# Counterexample for a premeasure on a semiring over Q

1. Nov 23, 2009

### variety

1. The problem statement, all variables and given/known data
Let $$\alpha(r)=r$$ and let $$P$$ be the family of intervals $$[a,b)$$ in $$\mathbb{Q}$$. Define $$\mu_{\alpha}([a,b))=\alpha(b)-\alpha(a)$$. Show by example that $$\mu_{\alpha}$$ is not countably additive.

2. Relevant equations
$$\mu$$ is countably additive if for any sequence of mutually disjoint subsets $$E_1, E_2, ...$$ such that $$\bigcup_{i=1}^{\infty}E_i\in P$$, we have $$\mu\left(\bigcup_{i=1}^{\infty}E_i\right)=\sum_{i=1}^{\infty}\mu(E_i)$$.

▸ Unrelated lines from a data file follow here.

definition teq2 :: "('f::field \<Rightarrow> 'h::ab_group_add \<Rightarrow> 'h) \<Rightarrow> ('h \<times> 'h) list \<Rightarrow> ('h \<times> 'h) list \<Rightarrow> bool" where
  "teq2 sc l1 l2 \<longleftrightarrow> (\<forall>\<beta>. bilin_form sc \<beta> \<longrightarrow> tsum l1 \<beta> = tsum l2 \<beta>)"

definition teq3 :: "('f::field \<Rightarrow> 'h::ab_group_add \<Rightarrow> 'h) \<Rightarrow> ('h \<times> 'h \<times> 'h) list \<Rightarrow> ('h \<times> 'h \<times> 'h) list \<Rightarrow> bool" where
  "teq3 sc l1 l2 \<longleftrightarrow> (\<forall>\<gamma>. trilin_form sc \<gamma> \<longrightarrow>
      sum_list (map (\<lambda>(x, y, z). \<gamma> x y z) l1) = sum_list (map (\<lambda>(x, y, z). \<gamma> x y z) l2))"

definition coprod_left :: "('h \<Rightarrow> ('h \<times> 'h) list) \<Rightarrow> 'h \<Rightarrow> ('h \<times> 'h \<times> 'h) list" where
  "coprod_left \<Delta> x = concat (map (\<lambda>(u, v). map (\<lambda>(u1, u2). (u1, u2, v)) (\<Delta> u)) (\<Delta> x))"

definition coprod_right :: "('h \<Rightarrow> ('h \<times> 'h) list) \<Rightarrow> 'h \<Rightarrow> ('h \<times> 'h \<times> 'h) list" where
  "coprod_right \<Delta> x = concat (map (\<lambda>(u, v). map (\<lambda>(v1, v2). (u, v1, v2)) (\<Delta> v)) (\<Delta> x))"

definition hopf_algebra ::
  "('f::field \<Rightarrow> 'h::ring_1 \<Rightarrow> 'h) \<Rightarrow> ('h \<Rightarrow> ('h \<times> 'h) list) \<Rightarrow> ('h \<Rightarrow> 'f) \<Rightarrow> ('h \<Rightarrow> 'h) \<Rightarrow> bool" where
  "hopf_algebra sc \<Delta> \<epsilon> S \<longleftrightarrow>
     Vector_Spaces.vector_space sc \<and>
     (\<forall>c x y. sc c (x * y) = sc c x * y \<and> sc c (x * y) = x * sc c y) \<and>
     (\<forall>x y. teq2 sc (\<Delta> (x + y)) (\<Delta> x @ \<Delta> y)) \<and>
     (\<forall>c x. teq2 sc (\<Delta> (sc c x)) (map (\<lambda>(u, v). (sc c u, v)) (\<Delta> x))) \<and>
     (\<forall>x. teq3 sc (coprod_left \<Delta> x) (coprod_right \<Delta> x)) \<and>
     Vector_Spaces.linear sc ((*)) \<epsilon> \<and>
     (\<forall>x. tsum (\<Delta> x) (\<lambda>u v. sc (\<epsilon> u) v) = x) \<and>
     (\<forall>x. tsum (\<Delta> x) (\<lambda>u v. sc (\<epsilon> v) u) = x) \<and>
     (\<forall>x y. teq2 sc (\<Delta> (x * y)) [(u * u', v * v'). (u, v) \<leftarrow> \<Delta> x, (u', v') \<leftarrow> \<Delta> y]) \<and>
     teq2 sc (\<Delta> 1) [(1, 1)] \<and>
     (\<forall>x y. \<epsilon> (x * y) = \<epsilon> x * \<epsilon> y) \<and> \<epsilon> 1 = 1 \<and>
     Vector_Spaces.linear sc sc S \<and>
     (\<forall>x. tsum (\<Delta> x) (\<lambda>u v. S u * v) = sc (\<epsilon> x) 1) \<and>
     (\<forall>x. tsum (\<Delta> x) (\<lambda>u v. u * S v) = sc (\<epsilon> x) 1)"

definition cocommutative :: "('f::field \<Rightarrow> 'h::ab_group_add \<Rightarrow> 'h) \<Rightarrow> ('h \<Rightarrow> ('h \<times> 'h) list) \<Rightarrow> bool" where
  "cocommutative sc \<Delta> \<longleftrightarrow> (\<forall>x. teq2 sc (\<Delta> x) (map (\<lambda>(u, v). (v, u)) (\<Delta> x)))"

3. The attempt at a solution
This problem is driving me insane. I know I have to somehow use the incompleteness of the rationals, so I tried to use sequences which I know do not converge in $$\mathbb{Q}$$. For example, I tried defining $$x_{n+1}=x_n + 1/n^2$$ and $$E_n=[x_n,x_{n+1})$$, where $$x_1=0$$. Then $$\mu(E_n)=1/n^2$$, so $$\sum_{i=1}^{\infty}\mu(E_i)=\pi^2/6$$, which is not in $$\mathbb{Q}$$. But this does not work because $$\bigcup_{i=1}^{\infty}E_i=[0,\pi^2/6)\notin P$$.

Basically I keep running into two problems. Either this happens, or I find a sequence whose union is in $$P$$ but $$\mu$$ is countably additive. Any hints or suggestions would be greatly appreciated.

2. Nov 23, 2009

### grief

The hint is that you need to use not only the incompleteness of the rationals, but also the fact that they have measure zero. That is, for every epsilon>0, it is possible to cover Q by countably many intervals s.t the sum of their lengths is less than epsilon. That's because Q is countable. Thus, these intervals will have union [0,1)$$\cap$$Q, but the sum of their measures will be as small as you like.